7. The digital dial recognition device according to claim 6, characterized in that, The lightweight digital recognition neural network model of the digital dial recognition device mounted on the terminal adjusts its parameters based on the recognition results fed back from the functional layer.

8. A method for recognizing a digital dial, characterized in that, Includes the following steps: Acquire an image of the electricity meter's dial; The dial image is input into a lightweight digital recognition neural network model to obtain the dial reading of the electricity meter; wherein, the lightweight digital recognition neural network model includes: An initial convolutional layer is used to extract low-level visual features from the dial image; The main feature extraction part includes sequentially connected features. An RDSblock module employing a hybrid convolution strategy is used to perform feature enhancement and dimensionality compression on the low-level visual features. The classification head is used to classify based on low-level visual features after feature enhancement and dimensionality compression to obtain the meter reading.

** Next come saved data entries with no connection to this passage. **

(* Consider the downlink SWIPT model described in the context with maximum ratio transmission, $\mathbf{w}_k=\hat{\mathbf{h}}_k/\sqrt{\mathbb{E}\{\|\hat{\mathbf{h}}_k\|^2\}}$ for $k=1,\dots,K$. Then for every $k$, $$E_k\ \ge\ \underline{E}^{\mathrm{MRT}}_k=\frac{T_D}{T}\eta_{\mathrm{EH}}(1-\alpha_k)\Big[\rho_{\mathrm{RF}}p^s_kM(\beta_k-e_k)+\beta_k\sum_{k'=1}^K\rho_{\mathrm{RF}}p^s_{k'}\Big],$$ and $$R^D_k\ \ge\ \underline{R}^{\mathrm{MRT},D}_k=\frac{T_D}{T}\log_2\!\Big(1+\frac{\rho_{\mathrm{RF}}p^s_k\alpha_kM(\beta_k-e_k)}{\alpha_k\beta_k\sum_{k'=1}^K\rho_{\mathrm{RF}}p^s_{k'}+\alpha_k\sigma^2_{\mathrm{RF},k}+\sigma^2_{k,s}}\Big).$$
   Context: Let $M,K,T$ be positive integers, $\tau=K$, $T_D\ge 0$ an integer. Let $\Phi\in\mathbb{C}\setminus\{0\}$, $\rho>0$, $\sigma^2>0$, and let $\mathbf{D}$ be an $M\times M$ diagonal matrix with unit-modulus diagonal entries. For $k=1,\dots,K$: $\beta_k>0$, $p^p_k>0$; the channels $\mathbf{h}_k\sim\mathcal{CN}(\mathbf{0},\beta_k\mathbf{I}_M)$ are mutually independent; the pilot observation is $\mathbf{y}_k=\sqrt{\rho\tau p^p_k}\,\Phi\mathbf{D}\mathbf{h}_k+\mathbf{z}_k$ with $\mathbf{z}_k\sim\mathcal{CN}(\mathbf{0},\sigma^2\mathbf{I}_M)$ mutually independent and independent of the channels; the channel estimate is $$\hat{\mathbf{h}}_k=\frac{\rho\beta_k\tau p^p_k|\Phi|^2}{\rho\beta_k\tau p^p_k|\Phi|^2+\sigma^2}\mathbf{h}_k+\frac{\sqrt{\rho\tau p^p_k}\,\beta_k\Phi^*}{\rho\beta_k\tau p^p_k|\Phi|^2+\sigma^2}\mathbf{D}^H\mathbf{z}_k,$$ and $e_k=\frac{\beta_k\sigma^2}{\rho\tau p^p_k\beta_k|\Phi|^2+\sigma^2}$. Downlink parameters: $\rho_{\mathrm{RF}}>0$, SWIPT powers $p^s_k\ge0$, noise variances $\sigma^2_{\mathrm{RF},k}>0$ and $\sigma^2_{k,s}>0$, power-splitting coefficients $\alpha_k\in[0,1]$, energy conversion efficiency $\eta_{\mathrm{EH}}\in(0,1]$, and precoding vectors $\mathbf{w}_k\in\mathbb{C}^M$. Define the harvested energy $$E_k=\frac{T_D}{T}\eta_{\mathrm{EH}}(1-\alpha_k)\,\mathbb{E}\Big\{\Big|\mathbf{h}_k^H\sum_{k'=1}^K\sqrt{\rho_{\mathrm{RF}}p^s_{k'}}\,\mathbf{w}_{k'}\Big|^2\Big\},$$ the downlink SINR $$\mathrm{SINR}^D_k=\frac{\alpha_k\rho_{\mathrm{RF}}p^s_k|\mathbb{E}\{\mathbf{h}_k^H\mathbf{w}_k\}|^2}{\alpha_k\Big(\sum_{k'=1}^K\rho_{\mathrm{RF}}p^s_{k'}\mathbb{E}\{|\mathbf{h}_k^H\mathbf{w}_{k'}|^2\}-\rho_{\mathrm{RF}}p^s_k|\mathbb{E}\{\mathbf{h}_k^H\mathbf{w}_k\}|^2+\sigma^2_{\mathrm{RF},k}\Big)+\sigma^2_{k,s}},$$ and the downlink rate $R^D_k=\frac{T_D}{T}\log_2(1+\mathrm{SINR}^D_k)$. All expectations are over channels and pilot noise. *)

theory Defs
  imports "HOL-Probability.Probability"
begin

text \<open>Vectors in C^M are functions nat => complex, components indexed by i < M.
  Users are indexed by k in {1..K}. Random vectors: h k omega i.\<close>

definition cinner :: "nat \<Rightarrow> (nat \<Rightarrow> complex) \<Rightarrow> (nat \<Rightarrow> complex) \<Rightarrow> complex" where
  "cinner M a b = (\<Sum>i<M. cnj (a i) * b i)"

text \<open>Real coordinates of the channels and pilot noises, used to state joint independence.\<close>
definition gauss_coords ::
  "(nat \<Rightarrow> 'a \<Rightarrow> nat \<Rightarrow> complex) \<Rightarrow> (nat \<Rightarrow> 'a \<Rightarrow> nat \<Rightarrow> complex) \<Rightarrow> nat \<times> nat \<times> nat \<Rightarrow> 'a \<Rightarrow> real" where
  "gauss_coords h z = (\<lambda>(c, k, i) \<omega>.
     if c = 0 then Re (h k \<omega> i) else if c = 1 then Im (h k \<omega> i)
     else if c = 2 then Re (z k \<omega> i) else Im (z k \<omega> i))"

definition coord_index :: "nat \<Rightarrow> nat \<Rightarrow> (nat \<times> nat \<times> nat) set" where
  "coord_index K M = {(c, k, i). c < 4 \<and> k \<in> {1..K} \<and> i < M}"

definition chan_est ::
  "real \<Rightarrow> real \<Rightarrow> real \<Rightarrow> real \<Rightarrow> complex \<Rightarrow> real \<Rightarrow> (nat \<Rightarrow> complex)
    \<Rightarrow> (nat \<Rightarrow> complex) \<Rightarrow> (nat \<Rightarrow> complex) \<Rightarrow> nat \<Rightarrow> complex" where
  "chan_est rho tau pp beta Phi sigma2 d hk zk i =
     complex_of_real (rho * beta * tau * pp * (cmod Phi)\<^sup>2 / (rho * beta * tau * pp * (cmod Phi)\<^sup>2 + sigma2)) * hk i
   + complex_of_real (sqrt (rho * tau * pp) * beta / (rho * beta * tau * pp * (cmod Phi)\<^sup>2 + sigma2))
       * cnj Phi * (cnj (d i) * zk i)"

definition est_err :: "real \<Rightarrow> real \<Rightarrow> real \<Rightarrow> real \<Rightarrow> complex \<Rightarrow> real \<Rightarrow> real" where
  "est_err rho tau pp beta Phi sigma2 = beta * sigma2 / (rho * tau * pp * beta * (cmod Phi)\<^sup>2 + sigma2)"

definition mrt_precoder ::
  "'a measure \<Rightarrow> nat \<Rightarrow> (nat \<Rightarrow> 'a \<Rightarrow> nat \<Rightarrow> complex) \<Rightarrow> nat \<Rightarrow> 'a \<Rightarrow> nat \<Rightarrow> complex" where
  "mrt_precoder P M hhat k \<omega> i =
     hhat k \<omega> i / complex_of_real (sqrt (integral\<^sup>L P (\<lambda>\<omega>. \<Sum>j<M. (cmod (hhat k \<omega> j))\<^sup>2)))"

definition harvested_energy ::
  "'a measure \<Rightarrow> nat \<Rightarrow> nat \<Rightarrow> nat \<Rightarrow> nat \<Rightarrow> real \<Rightarrow> (nat \<Rightarrow> real) \<Rightarrow> real \<Rightarrow> (nat \<Rightarrow> real)
    \<Rightarrow> (nat \<Rightarrow> 'a \<Rightarrow> nat \<Rightarrow> complex) \<Rightarrow> (nat \<Rightarrow> 'a \<Rightarrow> nat \<Rightarrow> complex) \<Rightarrow> nat \<Rightarrow> real" where
  "harvested_energy P M K TD T etaEH alpha rhoRF ps h w k =
     real TD / real T * etaEH * (1 - alpha k) *
     integral\<^sup>L P (\<lambda>\<omega>. (cmod (cinner M (h k \<omega>)
        (\<lambda>i. \<Sum>k'=1..K. complex_of_real (sqrt (rhoRF * ps k')) * w k' \<omega> i)))\<^sup>2)"

definition SINR_D ::
  "'a measure \<Rightarrow> nat \<Rightarrow> nat \<Rightarrow> (nat \<Rightarrow> real) \<Rightarrow> real \<Rightarrow> (nat \<Rightarrow> real) \<Rightarrow> (nat \<Rightarrow> real) \<Rightarrow> (nat \<Rightarrow> real)
    \<Rightarrow> (nat \<Rightarrow> 'a \<Rightarrow> nat \<Rightarrow> complex) \<Rightarrow> (nat \<Rightarrow> 'a \<Rightarrow> nat \<Rightarrow> complex) \<Rightarrow> nat \<Rightarrow> real" where
  "SINR_D P M K alpha rhoRF ps sRF ss h w k =
     (let g = (integral\<^sup>L P (\<lambda>\<omega>. cinner M (h k \<omega>) (w k \<omega>)) :: complex);
          q = (\<lambda>k'. integral\<^sup>L P (\<lambda>\<omega>. (cmod (cinner M (h k \<omega>) (w k' \<omega>)))\<^sup>2) :: real)
      in alpha k * rhoRF * ps k * (cmod g)\<^sup>2 /
         (alpha k * ((\<Sum>k'=1..K. rhoRF * ps k' * q k') - rhoRF * ps k * (cmod g)\<^sup>2 + sRF k) + ss k))"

9. An electronic device comprising a memory, a processor, and a computer program stored in the memory and executable on the processor, characterized in that, When the processor executes the computer program, it implements the steps of the digital dial recognition method as described in claim 8.

10. A computer-readable storage medium having a computer program stored thereon, characterized in that, When the computer program is executed by the processor, it implements the steps of the digital dial recognition method as described in claim 8.